## Work instructions:
Can you copy the lines from the one that contains "mc_exp N (if" through the end of the material below, exactly and with nothing else?

BEGIN

text \<open>Map sending a standard Gaussian vector x to a point of the (N-2)-sphere
  {sum phi = m N, sum phi^2 = rho N}: centre m*1 plus radius sqrt(N(rho-m^2)) times the
  normalised projection of x onto the hyperplane orthogonal to (1,...,1).
  Its image measure is the normalized uniform surface measure of that sphere.\<close>
definition mc_point :: "nat \<Rightarrow> real \<Rightarrow> real \<Rightarrow> (nat \<Rightarrow> real) \<Rightarrow> (nat \<Rightarrow> real)" where
  "mc_point N m \<rho> x =
     (let a = (\<Sum>i<N. x i) / real N;
          r = sqrt (\<Sum>i<N. (x i - a)\<^sup>2)
      in (\<lambda>i\<in>{..<N}. m + sqrt (real N * (\<rho> - m\<^sup>2)) * ((x i - a) / r)))"

definition mc_measure :: "nat \<Rightarrow> real \<Rightarrow> real \<Rightarrow> (nat \<Rightarrow> real) measure" where
  "mc_measure N m \<rho> = distr (gauss N) (PiM {..<N} (\<lambda>_. borel)) (mc_point N m \<rho>)"

definition mc_exp :: "nat \<Rightarrow> real \<Rightarrow> real \<Rightarrow> ((nat \<Rightarrow> real) \<Rightarrow> real) \<Rightarrow> real" where
  "mc_exp N m \<rho> f = (\<integral>\<phi>. f \<phi> \<partial>mc_measure N m \<rho>)"

definition Z_mc :: "nat \<Rightarrow> real \<Rightarrow> real \<Rightarrow> real" where
  "Z_mc N m \<rho> = (\<rho> - m\<^sup>2) powr ((real N - 3) / 2)"

definition m_plus :: "real \<Rightarrow> real \<Rightarrow> real \<Rightarrow> real" where
  "m_plus J h \<epsilon> = - h / J + sqrt (h\<^sup>2 / J\<^sup>2 - 2 * \<epsilon> / J)"

definition m_minus :: "real \<Rightarrow> real \<Rightarrow> real \<Rightarrow> real" where
  "m_minus J h \<epsilon> = - h / J - sqrt (h\<^sup>2 / J\<^sup>2 - 2 * \<epsilon> / J)"

definition fe_exp :: "nat \<Rightarrow> real \<Rightarrow> real \<Rightarrow> real \<Rightarrow> real \<Rightarrow> ((nat \<Rightarrow> real) \<Rightarrow> real) \<Rightarrow> real" where
  "fe_exp N J h \<epsilon> \<rho> f =
    (let mp = m_plus J h \<epsilon>; mm = m_minus J h \<epsilon> in
     if \<epsilon> < h\<^sup>2 / (2 * J) \<and> mp\<^sup>2 < \<rho> \<and> mm\<^sup>2 < \<rho> then
       (Z_mc N mp \<rho> * mc_exp N mp \<rho> f + Z_mc N mm \<rho> * mc_exp N mm \<rho> f)
         / (Z_mc N mp \<rho> + Z_mc N mm \<rho>)
     else if \<epsilon> < h\<^sup>2 / (2 * J) \<and> min (mm\<^sup>2) (mp\<^sup>2) < \<rho> \<and> \<rho> \<le> max (mm\<^sup>2) (mp\<^sup>2) then
       mc_exp N (if \<bar>mp\<bar> < \<bar>mm\<bar> then mp else mm) \<rho> f
     else if \<epsilon> = h\<^sup>2 / (2 * J) \<and> \<rho> > h\<^sup>2 / J\<^sup>2 then
       mc_exp N (- h / J) \<rho> f
     else undefined)"

definition energy_set :: "real \<Rightarrow> real \<Rightarrow> real \<Rightarrow> real set" where
  "energy_set J h \<rho> = {\<epsilon>. \<epsilon> \<le> h\<^sup>2 / (2 * J) \<and>
      \<bar>\<bar>h\<bar> / J - sqrt (h\<^sup>2 / J\<^sup>2 - 2 * \<epsilon> / J)\<bar> < sqrt \<rho>}"

end

theory Submission
  imports Defs
begin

END

## Written solution:
       mc_exp N (if \<bar>mp\<bar> < \<bar>mm\<bar> then mp else mm) \<rho> f
     else if \<epsilon> = h\<^sup>2 / (2 * J) \<and> \<rho> > h\<^sup>2 / J\<^sup>2 then
       mc_exp N (- h / J) \<rho> f
     else undefined)"

definition energy_set :: "real \<Rightarrow> real \<Rightarrow> real \<Rightarrow> real set" where
  "energy_set J h \<rho> = {\<epsilon>. \<epsilon> \<le> h\<^sup>2 / (2 * J) \<and>
      \<bar>\<bar>h\<bar> / J - sqrt (h\<^sup>2 / J\<^sup>2 - 2 * \<epsilon> / J)\<bar> < sqrt \<rho>}"

end

theory Submission
  imports Defs
begin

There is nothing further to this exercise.